INSTRUCTIONS TO FOLLOW: Return exactly the span of lines in the following data that opens with the line containing "with probability at" and closes with the line containing "using sets.sets_into_space[OF A]". Include nothing else.

[Saved data entries]
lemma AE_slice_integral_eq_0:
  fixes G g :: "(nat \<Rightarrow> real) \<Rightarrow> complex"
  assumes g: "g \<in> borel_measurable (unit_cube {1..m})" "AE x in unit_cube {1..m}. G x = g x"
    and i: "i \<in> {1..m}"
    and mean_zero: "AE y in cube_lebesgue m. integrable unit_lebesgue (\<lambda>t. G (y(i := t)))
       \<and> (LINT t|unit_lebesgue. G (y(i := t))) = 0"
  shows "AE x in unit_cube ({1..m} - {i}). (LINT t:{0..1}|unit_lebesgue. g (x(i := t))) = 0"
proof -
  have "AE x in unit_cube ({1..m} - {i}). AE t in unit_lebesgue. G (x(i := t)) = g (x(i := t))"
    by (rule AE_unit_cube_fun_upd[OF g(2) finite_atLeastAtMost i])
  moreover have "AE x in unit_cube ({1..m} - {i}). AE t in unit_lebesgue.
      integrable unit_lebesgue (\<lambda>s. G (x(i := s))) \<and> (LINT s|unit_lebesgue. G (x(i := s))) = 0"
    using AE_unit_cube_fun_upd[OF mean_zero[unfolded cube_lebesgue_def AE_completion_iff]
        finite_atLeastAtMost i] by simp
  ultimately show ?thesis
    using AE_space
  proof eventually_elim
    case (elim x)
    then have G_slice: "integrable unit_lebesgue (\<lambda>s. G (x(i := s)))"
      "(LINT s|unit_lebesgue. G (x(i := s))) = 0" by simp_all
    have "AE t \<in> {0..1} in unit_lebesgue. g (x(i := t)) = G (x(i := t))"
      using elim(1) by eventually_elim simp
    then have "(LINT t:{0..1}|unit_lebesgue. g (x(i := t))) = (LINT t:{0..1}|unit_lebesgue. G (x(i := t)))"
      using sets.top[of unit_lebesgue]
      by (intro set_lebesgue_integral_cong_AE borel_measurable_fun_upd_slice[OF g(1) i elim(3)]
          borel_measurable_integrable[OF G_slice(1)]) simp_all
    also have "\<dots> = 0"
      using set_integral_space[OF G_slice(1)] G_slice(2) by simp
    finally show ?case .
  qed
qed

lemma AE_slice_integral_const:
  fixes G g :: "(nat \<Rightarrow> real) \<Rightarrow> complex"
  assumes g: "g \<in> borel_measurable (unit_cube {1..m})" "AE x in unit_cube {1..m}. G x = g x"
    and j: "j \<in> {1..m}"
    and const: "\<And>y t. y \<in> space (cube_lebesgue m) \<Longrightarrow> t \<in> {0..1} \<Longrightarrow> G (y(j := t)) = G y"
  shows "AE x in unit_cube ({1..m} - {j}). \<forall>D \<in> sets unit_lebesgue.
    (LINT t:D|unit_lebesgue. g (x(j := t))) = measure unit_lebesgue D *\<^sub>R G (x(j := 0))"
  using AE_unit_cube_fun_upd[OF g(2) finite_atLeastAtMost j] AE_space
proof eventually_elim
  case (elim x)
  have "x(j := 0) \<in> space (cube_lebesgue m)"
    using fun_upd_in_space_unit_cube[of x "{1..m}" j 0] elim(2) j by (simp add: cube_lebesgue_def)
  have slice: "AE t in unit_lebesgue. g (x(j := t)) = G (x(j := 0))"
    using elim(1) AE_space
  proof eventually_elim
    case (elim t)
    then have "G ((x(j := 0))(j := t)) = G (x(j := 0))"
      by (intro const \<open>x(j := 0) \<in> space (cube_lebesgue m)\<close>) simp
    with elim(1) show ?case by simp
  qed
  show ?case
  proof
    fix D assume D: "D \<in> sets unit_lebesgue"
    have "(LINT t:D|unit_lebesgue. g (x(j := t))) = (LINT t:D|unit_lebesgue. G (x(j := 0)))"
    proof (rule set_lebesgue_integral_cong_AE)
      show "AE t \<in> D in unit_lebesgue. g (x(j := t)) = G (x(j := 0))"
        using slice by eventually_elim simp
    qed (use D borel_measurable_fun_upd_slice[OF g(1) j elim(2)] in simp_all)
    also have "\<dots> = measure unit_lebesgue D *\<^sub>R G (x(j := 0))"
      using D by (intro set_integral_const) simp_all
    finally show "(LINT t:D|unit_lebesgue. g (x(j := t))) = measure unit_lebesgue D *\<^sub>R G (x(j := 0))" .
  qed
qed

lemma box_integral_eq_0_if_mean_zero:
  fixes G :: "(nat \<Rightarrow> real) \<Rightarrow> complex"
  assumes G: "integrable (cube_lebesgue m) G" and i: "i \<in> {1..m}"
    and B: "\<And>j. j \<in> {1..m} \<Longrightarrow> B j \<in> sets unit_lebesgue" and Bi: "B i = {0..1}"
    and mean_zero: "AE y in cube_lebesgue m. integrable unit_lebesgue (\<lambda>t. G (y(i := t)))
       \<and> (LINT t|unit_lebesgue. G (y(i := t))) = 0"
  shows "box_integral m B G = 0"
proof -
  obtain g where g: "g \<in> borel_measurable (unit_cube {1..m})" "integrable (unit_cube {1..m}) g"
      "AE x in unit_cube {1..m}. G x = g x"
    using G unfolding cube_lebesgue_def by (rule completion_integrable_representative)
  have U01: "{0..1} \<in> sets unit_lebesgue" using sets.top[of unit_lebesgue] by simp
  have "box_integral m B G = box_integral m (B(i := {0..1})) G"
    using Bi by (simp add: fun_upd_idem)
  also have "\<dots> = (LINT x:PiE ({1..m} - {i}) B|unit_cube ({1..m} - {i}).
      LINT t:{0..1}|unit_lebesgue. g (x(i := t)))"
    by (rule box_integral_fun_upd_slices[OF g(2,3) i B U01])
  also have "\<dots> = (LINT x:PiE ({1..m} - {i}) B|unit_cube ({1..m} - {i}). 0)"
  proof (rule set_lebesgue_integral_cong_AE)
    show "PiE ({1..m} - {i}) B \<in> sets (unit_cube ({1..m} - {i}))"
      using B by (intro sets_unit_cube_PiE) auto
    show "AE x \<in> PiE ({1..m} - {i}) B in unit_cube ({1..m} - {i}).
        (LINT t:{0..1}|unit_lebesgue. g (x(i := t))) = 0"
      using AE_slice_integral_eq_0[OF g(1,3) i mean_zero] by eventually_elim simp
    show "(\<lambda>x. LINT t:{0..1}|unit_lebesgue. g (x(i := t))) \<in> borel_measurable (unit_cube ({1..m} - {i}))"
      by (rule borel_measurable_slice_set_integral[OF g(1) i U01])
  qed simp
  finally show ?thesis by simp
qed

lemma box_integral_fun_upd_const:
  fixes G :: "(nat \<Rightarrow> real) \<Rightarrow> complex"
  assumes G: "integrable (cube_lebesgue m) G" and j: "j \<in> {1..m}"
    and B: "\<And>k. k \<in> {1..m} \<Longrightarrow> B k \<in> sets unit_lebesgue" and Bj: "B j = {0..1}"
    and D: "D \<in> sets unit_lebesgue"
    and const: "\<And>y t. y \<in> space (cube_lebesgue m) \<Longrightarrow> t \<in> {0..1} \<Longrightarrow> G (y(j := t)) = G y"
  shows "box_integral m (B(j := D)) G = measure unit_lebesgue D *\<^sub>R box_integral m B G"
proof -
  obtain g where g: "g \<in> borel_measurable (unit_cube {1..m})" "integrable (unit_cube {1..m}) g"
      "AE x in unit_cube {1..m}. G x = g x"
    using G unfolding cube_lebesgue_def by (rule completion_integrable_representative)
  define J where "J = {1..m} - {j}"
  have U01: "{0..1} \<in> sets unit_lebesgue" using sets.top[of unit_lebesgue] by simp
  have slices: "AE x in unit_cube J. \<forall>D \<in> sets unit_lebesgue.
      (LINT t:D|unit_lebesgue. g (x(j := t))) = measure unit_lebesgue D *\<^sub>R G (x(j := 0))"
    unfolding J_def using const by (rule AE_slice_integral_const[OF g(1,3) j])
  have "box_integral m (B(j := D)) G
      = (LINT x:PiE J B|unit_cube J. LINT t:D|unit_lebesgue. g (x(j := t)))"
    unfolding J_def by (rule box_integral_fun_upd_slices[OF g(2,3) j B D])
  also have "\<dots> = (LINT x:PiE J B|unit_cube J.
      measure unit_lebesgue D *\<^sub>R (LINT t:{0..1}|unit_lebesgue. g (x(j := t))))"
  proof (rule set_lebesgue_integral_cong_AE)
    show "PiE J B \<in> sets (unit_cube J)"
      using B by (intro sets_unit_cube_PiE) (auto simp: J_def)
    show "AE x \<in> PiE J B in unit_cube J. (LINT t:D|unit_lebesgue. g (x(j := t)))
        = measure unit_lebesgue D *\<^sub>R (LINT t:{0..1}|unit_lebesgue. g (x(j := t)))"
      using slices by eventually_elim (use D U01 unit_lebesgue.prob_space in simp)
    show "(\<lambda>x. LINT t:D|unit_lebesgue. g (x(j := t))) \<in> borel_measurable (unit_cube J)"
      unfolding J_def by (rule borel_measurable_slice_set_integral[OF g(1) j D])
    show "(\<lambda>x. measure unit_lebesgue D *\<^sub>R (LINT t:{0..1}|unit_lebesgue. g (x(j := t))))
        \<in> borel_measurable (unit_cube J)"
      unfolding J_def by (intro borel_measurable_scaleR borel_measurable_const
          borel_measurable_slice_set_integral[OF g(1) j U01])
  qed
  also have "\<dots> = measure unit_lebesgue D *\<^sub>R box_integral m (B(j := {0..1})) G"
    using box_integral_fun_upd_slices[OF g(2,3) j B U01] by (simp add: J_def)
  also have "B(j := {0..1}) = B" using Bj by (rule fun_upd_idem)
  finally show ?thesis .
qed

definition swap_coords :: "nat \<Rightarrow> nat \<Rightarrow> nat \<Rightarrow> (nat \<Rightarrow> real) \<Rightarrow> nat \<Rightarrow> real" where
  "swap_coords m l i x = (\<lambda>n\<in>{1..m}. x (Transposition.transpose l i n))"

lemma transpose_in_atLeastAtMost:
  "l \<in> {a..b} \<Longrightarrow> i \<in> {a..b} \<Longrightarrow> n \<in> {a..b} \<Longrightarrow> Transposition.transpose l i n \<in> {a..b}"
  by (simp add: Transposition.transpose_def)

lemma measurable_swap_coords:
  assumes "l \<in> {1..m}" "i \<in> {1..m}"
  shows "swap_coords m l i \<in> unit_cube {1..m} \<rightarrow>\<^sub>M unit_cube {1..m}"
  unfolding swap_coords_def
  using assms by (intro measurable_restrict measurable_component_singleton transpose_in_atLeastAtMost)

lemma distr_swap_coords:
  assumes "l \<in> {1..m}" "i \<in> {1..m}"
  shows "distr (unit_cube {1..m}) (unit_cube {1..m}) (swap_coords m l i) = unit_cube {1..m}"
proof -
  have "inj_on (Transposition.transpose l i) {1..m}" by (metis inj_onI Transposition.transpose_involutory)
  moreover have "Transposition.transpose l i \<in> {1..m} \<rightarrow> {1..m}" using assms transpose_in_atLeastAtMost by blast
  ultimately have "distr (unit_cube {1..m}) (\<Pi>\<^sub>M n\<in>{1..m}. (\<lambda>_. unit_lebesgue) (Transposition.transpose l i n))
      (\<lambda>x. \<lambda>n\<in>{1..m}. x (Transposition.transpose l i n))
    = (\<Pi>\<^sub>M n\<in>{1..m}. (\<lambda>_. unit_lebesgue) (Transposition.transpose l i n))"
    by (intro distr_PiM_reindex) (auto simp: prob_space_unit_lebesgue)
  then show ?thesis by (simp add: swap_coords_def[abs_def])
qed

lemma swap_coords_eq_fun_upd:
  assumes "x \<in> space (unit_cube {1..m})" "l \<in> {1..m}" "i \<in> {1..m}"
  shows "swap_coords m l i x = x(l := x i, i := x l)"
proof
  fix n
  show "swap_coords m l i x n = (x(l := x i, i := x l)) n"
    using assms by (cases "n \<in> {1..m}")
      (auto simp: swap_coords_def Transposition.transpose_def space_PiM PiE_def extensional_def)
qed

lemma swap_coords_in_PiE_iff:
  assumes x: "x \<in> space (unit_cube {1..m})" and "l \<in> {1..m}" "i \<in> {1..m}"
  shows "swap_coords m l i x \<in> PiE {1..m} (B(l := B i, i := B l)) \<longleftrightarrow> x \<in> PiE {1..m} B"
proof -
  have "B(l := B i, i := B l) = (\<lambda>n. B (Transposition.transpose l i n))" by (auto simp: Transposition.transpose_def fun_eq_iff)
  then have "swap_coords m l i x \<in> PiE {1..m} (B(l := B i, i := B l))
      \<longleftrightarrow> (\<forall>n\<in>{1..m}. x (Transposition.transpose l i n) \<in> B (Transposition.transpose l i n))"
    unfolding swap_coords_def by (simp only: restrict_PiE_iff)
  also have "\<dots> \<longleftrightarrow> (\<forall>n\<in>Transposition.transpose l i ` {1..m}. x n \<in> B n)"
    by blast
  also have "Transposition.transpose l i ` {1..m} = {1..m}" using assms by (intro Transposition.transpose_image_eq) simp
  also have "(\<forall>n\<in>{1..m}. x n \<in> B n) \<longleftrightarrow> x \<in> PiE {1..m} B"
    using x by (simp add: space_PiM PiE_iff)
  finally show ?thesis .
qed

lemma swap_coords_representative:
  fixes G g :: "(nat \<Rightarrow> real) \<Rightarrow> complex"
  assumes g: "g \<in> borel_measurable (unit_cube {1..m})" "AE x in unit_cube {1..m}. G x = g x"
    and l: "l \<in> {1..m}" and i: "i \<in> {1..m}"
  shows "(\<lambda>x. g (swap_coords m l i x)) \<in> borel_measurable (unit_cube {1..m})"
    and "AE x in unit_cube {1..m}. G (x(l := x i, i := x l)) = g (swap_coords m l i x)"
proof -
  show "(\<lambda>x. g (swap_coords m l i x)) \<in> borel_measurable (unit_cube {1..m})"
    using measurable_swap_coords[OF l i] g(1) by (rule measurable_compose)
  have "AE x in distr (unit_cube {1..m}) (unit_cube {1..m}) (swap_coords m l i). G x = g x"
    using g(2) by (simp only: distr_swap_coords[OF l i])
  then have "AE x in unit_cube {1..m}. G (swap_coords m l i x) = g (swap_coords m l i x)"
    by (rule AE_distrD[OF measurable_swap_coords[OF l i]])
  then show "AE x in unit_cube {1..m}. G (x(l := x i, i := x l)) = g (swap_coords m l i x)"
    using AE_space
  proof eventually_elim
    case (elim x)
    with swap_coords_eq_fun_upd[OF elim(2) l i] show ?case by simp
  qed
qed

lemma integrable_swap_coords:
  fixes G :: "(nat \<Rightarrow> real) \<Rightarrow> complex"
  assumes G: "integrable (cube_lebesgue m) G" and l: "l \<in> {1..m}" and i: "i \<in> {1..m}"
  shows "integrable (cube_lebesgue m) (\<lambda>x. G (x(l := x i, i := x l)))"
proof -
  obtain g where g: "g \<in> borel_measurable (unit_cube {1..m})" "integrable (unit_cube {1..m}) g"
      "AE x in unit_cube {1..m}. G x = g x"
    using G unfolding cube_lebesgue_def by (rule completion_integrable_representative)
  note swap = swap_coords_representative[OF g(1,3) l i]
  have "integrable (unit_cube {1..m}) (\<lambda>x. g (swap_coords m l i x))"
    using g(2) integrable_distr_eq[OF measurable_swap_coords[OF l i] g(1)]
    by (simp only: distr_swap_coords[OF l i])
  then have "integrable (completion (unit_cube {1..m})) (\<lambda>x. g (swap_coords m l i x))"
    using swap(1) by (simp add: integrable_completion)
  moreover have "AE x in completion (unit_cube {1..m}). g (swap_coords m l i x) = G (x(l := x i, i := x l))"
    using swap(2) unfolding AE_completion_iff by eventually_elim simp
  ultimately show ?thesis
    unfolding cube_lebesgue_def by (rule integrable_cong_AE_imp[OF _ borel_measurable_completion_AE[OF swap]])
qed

---

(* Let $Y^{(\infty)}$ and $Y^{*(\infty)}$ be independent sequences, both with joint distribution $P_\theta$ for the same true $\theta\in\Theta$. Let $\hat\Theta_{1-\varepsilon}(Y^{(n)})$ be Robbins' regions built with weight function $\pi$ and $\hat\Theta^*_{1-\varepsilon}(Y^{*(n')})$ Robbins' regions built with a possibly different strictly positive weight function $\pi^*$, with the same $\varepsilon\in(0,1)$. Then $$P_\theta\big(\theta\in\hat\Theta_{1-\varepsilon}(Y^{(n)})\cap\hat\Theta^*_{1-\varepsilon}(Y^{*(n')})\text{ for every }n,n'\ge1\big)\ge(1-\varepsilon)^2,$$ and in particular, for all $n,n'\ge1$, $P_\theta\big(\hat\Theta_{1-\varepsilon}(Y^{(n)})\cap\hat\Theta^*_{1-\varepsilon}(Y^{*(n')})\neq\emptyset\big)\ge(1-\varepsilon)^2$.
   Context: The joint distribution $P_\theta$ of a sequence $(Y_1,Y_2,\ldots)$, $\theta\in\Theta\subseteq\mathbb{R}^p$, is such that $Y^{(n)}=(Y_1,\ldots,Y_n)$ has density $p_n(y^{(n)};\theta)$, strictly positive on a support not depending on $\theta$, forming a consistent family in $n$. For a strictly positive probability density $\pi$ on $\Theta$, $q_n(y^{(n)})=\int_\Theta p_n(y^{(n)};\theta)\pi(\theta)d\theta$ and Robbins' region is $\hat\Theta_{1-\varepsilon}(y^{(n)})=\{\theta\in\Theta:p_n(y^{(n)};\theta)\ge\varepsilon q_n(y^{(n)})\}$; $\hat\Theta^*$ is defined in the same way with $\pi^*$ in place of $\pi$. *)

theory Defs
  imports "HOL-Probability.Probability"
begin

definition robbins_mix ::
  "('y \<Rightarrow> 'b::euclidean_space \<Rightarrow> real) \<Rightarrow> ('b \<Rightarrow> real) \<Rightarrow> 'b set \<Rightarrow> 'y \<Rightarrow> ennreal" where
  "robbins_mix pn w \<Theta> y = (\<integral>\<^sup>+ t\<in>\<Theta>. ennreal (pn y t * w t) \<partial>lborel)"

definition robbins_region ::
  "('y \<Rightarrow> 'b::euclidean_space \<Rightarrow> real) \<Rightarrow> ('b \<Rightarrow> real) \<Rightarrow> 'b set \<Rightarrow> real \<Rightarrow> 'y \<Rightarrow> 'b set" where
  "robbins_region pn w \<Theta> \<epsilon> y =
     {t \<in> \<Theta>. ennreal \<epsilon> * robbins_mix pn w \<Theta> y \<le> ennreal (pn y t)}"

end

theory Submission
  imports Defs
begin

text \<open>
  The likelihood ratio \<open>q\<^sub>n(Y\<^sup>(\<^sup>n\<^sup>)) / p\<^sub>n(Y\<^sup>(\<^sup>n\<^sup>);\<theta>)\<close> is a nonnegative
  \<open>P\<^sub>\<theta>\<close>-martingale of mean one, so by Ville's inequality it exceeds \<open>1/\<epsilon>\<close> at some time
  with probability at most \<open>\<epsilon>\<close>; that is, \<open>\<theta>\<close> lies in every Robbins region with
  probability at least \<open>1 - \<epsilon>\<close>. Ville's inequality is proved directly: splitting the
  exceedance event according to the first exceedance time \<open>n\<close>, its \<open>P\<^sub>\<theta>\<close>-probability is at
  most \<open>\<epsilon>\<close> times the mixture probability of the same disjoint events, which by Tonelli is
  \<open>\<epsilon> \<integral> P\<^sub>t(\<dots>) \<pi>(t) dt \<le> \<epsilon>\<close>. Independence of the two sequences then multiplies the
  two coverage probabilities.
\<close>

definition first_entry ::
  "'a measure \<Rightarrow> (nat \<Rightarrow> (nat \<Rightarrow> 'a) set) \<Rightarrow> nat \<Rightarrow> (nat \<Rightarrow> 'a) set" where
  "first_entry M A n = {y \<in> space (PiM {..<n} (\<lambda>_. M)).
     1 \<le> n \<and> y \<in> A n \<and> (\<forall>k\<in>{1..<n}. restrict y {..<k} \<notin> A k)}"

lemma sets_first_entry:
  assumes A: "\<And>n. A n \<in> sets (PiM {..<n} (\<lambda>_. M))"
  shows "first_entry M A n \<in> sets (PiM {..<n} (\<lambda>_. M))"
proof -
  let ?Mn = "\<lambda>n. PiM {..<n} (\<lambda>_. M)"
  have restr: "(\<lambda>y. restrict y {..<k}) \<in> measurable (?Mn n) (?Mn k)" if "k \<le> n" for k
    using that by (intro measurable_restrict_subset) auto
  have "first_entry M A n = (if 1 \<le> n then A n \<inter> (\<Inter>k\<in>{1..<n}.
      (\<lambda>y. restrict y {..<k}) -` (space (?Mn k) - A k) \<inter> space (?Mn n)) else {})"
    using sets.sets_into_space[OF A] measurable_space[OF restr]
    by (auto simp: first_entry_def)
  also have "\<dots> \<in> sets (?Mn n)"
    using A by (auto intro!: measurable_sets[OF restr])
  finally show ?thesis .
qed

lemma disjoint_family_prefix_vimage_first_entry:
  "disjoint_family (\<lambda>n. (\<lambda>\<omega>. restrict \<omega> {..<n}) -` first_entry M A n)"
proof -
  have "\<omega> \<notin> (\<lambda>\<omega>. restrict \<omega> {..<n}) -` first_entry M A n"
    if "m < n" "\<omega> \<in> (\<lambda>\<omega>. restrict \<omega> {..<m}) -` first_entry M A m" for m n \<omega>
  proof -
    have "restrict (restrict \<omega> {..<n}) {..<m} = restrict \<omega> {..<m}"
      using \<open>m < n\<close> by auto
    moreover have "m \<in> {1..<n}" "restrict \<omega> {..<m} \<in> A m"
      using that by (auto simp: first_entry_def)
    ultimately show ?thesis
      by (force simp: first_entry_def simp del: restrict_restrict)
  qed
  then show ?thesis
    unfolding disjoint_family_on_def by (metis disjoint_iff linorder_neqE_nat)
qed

RESPONSE BOX:
  with probability at most \<open>\<epsilon>\<close>; that is, \<open>\<theta>\<close> lies in every Robbins region with
  probability at least \<open>1 - \<epsilon>\<close>. Ville's inequality is proved directly: splitting the
  exceedance event according to the first exceedance time \<open>n\<close>, its \<open>P\<^sub>\<theta>\<close>-probability is at
  most \<open>\<epsilon>\<close> times the mixture probability of the same disjoint events, which by Tonelli is
  \<open>\<epsilon> \<integral> P\<^sub>t(\<dots>) \<pi>(t) dt \<le> \<epsilon>\<close>. Independence of the two sequences then multiplies the
  two coverage probabilities.
\<close>

definition first_entry ::
  "'a measure \<Rightarrow> (nat \<Rightarrow> (nat \<Rightarrow> 'a) set) \<Rightarrow> nat \<Rightarrow> (nat \<Rightarrow> 'a) set" where
  "first_entry M A n = {y \<in> space (PiM {..<n} (\<lambda>_. M)).
     1 \<le> n \<and> y \<in> A n \<and> (\<forall>k\<in>{1..<n}. restrict y {..<k} \<notin> A k)}"

lemma sets_first_entry:
  assumes A: "\<And>n. A n \<in> sets (PiM {..<n} (\<lambda>_. M))"
  shows "first_entry M A n \<in> sets (PiM {..<n} (\<lambda>_. M))"
proof -
  let ?Mn = "\<lambda>n. PiM {..<n} (\<lambda>_. M)"
  have restr: "(\<lambda>y. restrict y {..<k}) \<in> measurable (?Mn n) (?Mn k)" if "k \<le> n" for k
    using that by (intro measurable_restrict_subset) auto
  have "first_entry M A n = (if 1 \<le> n then A n \<inter> (\<Inter>k\<in>{1..<n}.
      (\<lambda>y. restrict y {..<k}) -` (space (?Mn k) - A k) \<inter> space (?Mn n)) else {})"
    using sets.sets_into_space[OF A] measurable_space[OF restr]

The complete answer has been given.